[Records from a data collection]
--- START ---

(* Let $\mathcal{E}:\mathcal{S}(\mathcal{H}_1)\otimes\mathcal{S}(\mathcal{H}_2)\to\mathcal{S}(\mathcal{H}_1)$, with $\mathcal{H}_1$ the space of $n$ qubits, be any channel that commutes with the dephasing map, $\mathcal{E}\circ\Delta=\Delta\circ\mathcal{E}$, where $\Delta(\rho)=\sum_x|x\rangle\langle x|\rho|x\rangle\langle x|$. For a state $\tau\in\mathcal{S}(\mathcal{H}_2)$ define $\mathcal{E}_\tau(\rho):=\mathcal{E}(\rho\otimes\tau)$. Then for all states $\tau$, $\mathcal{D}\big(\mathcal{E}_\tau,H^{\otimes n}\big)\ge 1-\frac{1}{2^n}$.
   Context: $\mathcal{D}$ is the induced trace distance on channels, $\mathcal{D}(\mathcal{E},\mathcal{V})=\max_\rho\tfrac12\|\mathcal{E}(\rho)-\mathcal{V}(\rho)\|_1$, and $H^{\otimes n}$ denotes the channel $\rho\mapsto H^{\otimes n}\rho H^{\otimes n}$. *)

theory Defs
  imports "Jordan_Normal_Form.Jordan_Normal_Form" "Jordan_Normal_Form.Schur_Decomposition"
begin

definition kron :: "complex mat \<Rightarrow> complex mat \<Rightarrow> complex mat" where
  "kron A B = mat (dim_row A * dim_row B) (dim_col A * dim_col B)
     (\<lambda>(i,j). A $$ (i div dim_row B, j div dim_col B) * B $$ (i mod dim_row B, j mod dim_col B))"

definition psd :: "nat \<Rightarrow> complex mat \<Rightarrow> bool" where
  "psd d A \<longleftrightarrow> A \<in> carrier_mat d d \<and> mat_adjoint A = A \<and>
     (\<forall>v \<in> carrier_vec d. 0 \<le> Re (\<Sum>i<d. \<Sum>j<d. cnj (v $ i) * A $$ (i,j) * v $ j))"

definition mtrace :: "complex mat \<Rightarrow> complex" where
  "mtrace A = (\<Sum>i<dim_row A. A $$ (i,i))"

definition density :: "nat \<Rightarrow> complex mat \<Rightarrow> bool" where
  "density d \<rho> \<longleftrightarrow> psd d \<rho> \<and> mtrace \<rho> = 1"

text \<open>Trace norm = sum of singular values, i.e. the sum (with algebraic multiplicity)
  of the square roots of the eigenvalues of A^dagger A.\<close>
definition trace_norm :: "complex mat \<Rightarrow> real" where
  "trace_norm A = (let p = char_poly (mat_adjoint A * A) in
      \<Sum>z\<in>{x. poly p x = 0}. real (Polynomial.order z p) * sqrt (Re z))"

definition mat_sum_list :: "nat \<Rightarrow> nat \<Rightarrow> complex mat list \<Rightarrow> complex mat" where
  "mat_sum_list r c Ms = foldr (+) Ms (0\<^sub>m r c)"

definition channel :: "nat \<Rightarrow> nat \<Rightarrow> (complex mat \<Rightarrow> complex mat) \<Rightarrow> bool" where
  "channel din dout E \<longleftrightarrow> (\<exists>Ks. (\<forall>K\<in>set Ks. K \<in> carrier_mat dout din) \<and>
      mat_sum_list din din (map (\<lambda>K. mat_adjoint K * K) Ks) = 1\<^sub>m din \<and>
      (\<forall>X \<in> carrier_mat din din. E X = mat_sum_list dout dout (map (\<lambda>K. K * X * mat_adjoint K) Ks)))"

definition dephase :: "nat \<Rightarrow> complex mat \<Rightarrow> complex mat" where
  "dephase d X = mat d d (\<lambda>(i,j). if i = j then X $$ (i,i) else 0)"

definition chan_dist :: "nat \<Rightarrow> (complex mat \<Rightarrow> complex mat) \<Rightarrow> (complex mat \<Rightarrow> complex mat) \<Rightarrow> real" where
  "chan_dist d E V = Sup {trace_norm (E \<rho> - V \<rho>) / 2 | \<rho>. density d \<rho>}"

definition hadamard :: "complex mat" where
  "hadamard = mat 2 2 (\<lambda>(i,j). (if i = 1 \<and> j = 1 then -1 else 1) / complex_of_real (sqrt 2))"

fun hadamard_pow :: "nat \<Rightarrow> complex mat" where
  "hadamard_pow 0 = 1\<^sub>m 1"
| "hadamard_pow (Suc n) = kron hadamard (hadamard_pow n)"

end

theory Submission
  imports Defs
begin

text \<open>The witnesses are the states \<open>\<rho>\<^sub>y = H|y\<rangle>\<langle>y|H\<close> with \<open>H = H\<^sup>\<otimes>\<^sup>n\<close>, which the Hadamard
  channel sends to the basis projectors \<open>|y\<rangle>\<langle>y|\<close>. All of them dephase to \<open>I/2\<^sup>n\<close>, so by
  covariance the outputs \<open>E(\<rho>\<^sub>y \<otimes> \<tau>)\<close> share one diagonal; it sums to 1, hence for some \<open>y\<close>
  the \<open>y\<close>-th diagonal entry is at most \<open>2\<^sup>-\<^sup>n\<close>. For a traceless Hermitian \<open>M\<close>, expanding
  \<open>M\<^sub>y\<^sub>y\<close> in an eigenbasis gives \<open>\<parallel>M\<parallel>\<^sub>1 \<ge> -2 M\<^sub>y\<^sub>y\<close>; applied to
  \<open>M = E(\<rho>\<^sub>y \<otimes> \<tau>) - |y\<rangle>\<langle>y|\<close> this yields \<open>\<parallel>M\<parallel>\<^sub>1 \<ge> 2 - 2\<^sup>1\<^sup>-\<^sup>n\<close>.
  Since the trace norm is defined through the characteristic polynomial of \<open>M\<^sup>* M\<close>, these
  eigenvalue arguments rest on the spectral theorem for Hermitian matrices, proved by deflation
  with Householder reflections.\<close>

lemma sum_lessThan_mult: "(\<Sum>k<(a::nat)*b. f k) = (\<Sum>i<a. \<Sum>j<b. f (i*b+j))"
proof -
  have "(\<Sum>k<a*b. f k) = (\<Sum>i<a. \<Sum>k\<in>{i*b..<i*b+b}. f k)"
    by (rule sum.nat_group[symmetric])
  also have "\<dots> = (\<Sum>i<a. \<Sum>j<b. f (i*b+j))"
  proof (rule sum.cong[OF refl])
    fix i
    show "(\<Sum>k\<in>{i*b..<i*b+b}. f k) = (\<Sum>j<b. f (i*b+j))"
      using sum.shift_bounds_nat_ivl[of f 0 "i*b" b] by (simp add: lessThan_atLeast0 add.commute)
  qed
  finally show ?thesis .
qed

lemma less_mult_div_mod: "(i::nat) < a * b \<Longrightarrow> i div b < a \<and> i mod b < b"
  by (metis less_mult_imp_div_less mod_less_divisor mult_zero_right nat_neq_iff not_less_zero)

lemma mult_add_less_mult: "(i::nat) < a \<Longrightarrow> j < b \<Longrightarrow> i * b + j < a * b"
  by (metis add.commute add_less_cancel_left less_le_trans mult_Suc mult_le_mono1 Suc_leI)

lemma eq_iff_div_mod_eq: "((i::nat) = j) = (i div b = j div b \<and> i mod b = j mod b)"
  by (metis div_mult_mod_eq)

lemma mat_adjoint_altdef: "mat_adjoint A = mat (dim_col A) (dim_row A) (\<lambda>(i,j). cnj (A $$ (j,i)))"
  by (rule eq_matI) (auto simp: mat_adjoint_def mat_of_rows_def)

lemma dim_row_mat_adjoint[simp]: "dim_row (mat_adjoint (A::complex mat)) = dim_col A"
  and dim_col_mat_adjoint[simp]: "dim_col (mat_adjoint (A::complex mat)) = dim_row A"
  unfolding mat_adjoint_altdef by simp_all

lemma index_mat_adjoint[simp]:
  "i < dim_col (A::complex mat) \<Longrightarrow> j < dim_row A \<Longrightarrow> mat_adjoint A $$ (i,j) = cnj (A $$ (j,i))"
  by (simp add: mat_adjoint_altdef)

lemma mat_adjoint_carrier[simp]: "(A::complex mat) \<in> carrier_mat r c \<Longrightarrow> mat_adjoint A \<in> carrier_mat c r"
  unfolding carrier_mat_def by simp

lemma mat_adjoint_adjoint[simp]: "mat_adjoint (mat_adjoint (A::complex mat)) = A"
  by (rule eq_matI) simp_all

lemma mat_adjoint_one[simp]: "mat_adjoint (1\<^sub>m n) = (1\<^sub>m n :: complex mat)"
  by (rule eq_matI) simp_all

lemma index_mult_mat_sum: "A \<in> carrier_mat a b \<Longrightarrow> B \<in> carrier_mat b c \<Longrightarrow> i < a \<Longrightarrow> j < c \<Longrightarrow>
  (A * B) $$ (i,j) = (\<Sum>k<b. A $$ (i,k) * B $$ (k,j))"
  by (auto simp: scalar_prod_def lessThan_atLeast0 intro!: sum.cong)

--- END ---
--- START ---

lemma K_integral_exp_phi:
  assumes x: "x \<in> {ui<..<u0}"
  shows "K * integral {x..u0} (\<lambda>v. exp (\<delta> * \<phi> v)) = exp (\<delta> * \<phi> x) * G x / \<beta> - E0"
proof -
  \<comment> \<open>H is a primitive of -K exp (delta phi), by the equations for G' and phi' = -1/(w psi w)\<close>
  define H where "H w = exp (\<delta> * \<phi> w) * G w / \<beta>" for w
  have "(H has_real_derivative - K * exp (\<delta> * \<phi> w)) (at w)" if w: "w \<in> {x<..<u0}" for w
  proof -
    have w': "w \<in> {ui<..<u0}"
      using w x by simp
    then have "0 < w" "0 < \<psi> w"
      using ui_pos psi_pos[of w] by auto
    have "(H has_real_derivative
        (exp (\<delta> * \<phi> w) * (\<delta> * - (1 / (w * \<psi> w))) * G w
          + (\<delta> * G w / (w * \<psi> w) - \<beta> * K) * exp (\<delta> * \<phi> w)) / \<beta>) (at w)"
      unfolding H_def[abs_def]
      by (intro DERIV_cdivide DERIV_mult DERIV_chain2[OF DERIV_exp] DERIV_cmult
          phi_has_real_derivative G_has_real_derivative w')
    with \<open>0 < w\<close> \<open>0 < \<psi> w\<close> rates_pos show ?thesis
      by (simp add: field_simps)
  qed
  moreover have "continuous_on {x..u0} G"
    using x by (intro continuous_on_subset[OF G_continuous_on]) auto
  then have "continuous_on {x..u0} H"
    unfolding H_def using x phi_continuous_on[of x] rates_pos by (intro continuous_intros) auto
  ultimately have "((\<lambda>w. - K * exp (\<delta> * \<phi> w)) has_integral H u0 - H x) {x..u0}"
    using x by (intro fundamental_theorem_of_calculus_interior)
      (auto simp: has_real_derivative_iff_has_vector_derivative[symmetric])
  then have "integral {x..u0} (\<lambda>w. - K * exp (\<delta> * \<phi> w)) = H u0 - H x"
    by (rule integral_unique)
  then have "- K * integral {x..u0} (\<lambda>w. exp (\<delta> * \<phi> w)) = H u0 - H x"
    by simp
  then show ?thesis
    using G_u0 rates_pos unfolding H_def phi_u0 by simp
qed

--- END ---

### Action item
Pull from the data each line where the string "dephase" turns up.

### Answer box
definition dephase :: "nat \<Rightarrow> complex mat \<Rightarrow> complex mat" where
  "dephase d X = mat d d (\<lambda>(i,j). if i = j then X $$ (i,i) else 0)"
  channel sends to the basis projectors \<open>|y\<rangle>\<langle>y|\<close>. All of them dephase to \<open>I/2\<^sup>n\<close>, so by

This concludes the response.